**Source information:**

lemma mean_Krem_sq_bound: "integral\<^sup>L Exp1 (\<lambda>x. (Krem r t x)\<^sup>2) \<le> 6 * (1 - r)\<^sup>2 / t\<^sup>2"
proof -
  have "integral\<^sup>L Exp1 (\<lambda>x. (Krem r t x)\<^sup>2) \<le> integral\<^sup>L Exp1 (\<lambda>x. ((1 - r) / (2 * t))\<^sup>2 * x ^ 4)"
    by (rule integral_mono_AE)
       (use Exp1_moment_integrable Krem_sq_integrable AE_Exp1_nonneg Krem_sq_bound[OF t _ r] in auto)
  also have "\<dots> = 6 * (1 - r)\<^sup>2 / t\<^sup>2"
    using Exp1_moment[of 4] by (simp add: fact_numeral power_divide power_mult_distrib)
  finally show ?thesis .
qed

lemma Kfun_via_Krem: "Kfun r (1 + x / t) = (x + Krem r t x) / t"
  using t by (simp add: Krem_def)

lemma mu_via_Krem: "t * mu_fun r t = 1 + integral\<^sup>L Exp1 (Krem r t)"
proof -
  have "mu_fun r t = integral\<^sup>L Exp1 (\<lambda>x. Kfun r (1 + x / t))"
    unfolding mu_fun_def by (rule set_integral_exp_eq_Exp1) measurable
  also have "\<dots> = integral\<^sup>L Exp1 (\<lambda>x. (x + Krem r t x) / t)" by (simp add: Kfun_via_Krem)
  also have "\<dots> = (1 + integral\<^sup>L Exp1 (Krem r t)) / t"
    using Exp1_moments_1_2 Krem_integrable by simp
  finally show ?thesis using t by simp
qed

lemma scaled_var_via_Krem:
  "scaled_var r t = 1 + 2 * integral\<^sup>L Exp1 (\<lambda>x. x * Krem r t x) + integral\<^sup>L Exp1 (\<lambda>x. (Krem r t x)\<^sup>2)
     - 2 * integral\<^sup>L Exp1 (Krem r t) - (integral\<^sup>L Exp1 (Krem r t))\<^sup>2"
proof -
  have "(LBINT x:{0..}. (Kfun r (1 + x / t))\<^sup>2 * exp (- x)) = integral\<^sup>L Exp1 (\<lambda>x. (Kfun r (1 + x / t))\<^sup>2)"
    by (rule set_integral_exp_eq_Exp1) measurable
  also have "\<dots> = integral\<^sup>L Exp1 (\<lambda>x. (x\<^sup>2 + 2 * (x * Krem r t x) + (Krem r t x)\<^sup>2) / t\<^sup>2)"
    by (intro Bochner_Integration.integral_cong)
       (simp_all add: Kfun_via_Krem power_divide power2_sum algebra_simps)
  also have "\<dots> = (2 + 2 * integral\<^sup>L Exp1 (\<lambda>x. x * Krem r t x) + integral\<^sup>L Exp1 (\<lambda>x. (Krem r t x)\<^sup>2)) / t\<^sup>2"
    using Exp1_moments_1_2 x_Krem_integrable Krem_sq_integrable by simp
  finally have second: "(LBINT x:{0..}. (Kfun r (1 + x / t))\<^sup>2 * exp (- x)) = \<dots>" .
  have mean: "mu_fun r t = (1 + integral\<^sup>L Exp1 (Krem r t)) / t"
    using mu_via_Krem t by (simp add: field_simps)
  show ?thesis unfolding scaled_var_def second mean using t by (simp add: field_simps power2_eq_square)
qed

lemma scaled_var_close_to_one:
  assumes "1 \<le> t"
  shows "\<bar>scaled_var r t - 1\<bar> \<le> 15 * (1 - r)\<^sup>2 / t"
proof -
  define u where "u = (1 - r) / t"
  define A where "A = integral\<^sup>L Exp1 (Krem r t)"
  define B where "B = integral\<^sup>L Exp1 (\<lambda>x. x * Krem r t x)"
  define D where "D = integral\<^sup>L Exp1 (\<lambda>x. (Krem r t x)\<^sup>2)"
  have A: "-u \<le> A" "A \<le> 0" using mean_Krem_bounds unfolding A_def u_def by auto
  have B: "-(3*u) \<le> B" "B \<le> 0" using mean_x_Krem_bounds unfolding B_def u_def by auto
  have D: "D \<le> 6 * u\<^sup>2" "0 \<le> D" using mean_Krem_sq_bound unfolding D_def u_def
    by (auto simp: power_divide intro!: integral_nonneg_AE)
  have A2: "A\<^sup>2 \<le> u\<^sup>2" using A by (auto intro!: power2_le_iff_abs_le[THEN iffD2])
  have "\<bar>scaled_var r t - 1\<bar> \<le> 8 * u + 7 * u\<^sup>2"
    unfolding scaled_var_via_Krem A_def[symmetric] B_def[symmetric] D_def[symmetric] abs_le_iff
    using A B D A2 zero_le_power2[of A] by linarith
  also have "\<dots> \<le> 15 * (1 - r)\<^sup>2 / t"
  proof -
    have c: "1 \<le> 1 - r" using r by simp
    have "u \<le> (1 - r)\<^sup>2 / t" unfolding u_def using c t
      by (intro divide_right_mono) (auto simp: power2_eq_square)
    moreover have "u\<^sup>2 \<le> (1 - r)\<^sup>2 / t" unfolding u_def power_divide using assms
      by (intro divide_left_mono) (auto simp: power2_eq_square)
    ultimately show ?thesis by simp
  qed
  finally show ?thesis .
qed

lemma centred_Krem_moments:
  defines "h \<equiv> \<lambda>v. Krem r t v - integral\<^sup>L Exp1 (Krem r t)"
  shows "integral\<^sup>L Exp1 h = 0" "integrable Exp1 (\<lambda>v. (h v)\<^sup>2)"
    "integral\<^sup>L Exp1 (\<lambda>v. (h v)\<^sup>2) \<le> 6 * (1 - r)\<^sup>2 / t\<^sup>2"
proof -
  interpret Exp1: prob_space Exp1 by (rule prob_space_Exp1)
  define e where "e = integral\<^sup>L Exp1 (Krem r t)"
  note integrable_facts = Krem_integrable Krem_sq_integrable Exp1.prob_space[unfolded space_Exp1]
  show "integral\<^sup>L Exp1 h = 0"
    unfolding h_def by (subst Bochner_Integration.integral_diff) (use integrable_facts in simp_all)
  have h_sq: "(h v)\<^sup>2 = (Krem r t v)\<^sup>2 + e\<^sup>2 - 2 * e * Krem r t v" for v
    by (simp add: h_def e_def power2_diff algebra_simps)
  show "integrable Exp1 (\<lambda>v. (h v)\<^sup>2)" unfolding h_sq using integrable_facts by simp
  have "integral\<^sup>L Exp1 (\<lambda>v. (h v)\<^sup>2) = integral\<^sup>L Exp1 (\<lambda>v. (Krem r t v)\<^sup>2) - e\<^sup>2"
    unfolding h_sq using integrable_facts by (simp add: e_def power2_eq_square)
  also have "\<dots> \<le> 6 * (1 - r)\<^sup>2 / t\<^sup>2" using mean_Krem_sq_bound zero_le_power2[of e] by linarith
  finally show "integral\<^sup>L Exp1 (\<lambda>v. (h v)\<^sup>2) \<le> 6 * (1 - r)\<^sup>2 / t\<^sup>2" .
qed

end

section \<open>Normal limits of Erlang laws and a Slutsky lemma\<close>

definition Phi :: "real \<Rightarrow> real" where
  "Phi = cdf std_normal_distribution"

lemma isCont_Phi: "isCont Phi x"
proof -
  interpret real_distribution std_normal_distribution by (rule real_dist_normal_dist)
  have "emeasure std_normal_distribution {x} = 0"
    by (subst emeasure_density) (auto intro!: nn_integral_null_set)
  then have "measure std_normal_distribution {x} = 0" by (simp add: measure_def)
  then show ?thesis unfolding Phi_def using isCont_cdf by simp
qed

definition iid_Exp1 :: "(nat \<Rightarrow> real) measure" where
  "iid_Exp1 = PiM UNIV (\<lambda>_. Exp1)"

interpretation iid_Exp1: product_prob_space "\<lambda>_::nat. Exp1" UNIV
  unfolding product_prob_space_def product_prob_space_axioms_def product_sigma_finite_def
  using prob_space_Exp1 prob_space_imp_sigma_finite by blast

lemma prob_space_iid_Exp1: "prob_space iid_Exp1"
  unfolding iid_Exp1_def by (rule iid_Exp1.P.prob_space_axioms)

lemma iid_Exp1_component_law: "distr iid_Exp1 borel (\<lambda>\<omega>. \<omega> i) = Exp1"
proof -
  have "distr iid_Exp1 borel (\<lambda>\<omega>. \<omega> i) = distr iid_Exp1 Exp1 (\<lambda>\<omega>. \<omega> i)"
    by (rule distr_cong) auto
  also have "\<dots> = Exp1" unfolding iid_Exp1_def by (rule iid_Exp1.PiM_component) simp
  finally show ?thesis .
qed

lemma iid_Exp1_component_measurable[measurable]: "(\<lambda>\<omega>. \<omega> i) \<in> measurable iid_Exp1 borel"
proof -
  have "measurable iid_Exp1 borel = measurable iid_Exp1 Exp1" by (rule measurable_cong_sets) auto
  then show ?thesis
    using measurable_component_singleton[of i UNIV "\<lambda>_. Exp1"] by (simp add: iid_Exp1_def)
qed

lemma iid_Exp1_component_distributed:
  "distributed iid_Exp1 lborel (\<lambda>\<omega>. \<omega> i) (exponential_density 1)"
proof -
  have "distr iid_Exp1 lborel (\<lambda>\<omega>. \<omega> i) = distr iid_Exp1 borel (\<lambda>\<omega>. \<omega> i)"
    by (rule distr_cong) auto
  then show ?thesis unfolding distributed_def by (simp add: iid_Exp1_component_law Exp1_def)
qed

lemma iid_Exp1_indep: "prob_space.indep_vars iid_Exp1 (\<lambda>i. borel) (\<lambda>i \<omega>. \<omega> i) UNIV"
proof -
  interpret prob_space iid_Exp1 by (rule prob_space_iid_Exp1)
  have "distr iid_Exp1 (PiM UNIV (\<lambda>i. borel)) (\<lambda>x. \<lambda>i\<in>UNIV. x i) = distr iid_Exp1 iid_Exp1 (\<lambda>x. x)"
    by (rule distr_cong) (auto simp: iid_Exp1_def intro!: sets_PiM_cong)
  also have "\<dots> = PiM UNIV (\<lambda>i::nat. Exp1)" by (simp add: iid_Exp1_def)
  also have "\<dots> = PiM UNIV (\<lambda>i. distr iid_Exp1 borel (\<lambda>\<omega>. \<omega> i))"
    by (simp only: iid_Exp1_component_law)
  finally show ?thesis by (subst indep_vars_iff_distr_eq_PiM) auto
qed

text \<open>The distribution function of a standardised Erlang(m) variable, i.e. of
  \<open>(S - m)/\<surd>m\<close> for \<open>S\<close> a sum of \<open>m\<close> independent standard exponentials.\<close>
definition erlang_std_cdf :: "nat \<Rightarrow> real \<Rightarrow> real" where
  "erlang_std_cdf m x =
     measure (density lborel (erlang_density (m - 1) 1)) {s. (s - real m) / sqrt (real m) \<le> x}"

**Task:** Word for word, restate the lines of the listing above starting at the line with "iid_Exp1 (PiM UNIV" and ending at the line with "by (rule distr_cong) (auto", and nothing outside them.

**Your response:**
  have "distr iid_Exp1 (PiM UNIV (\<lambda>i. borel)) (\<lambda>x. \<lambda>i\<in>UNIV. x i) = distr iid_Exp1 iid_Exp1 (\<lambda>x. x)"
    by (rule distr_cong) (auto simp: iid_Exp1_def intro!: sets_PiM_cong)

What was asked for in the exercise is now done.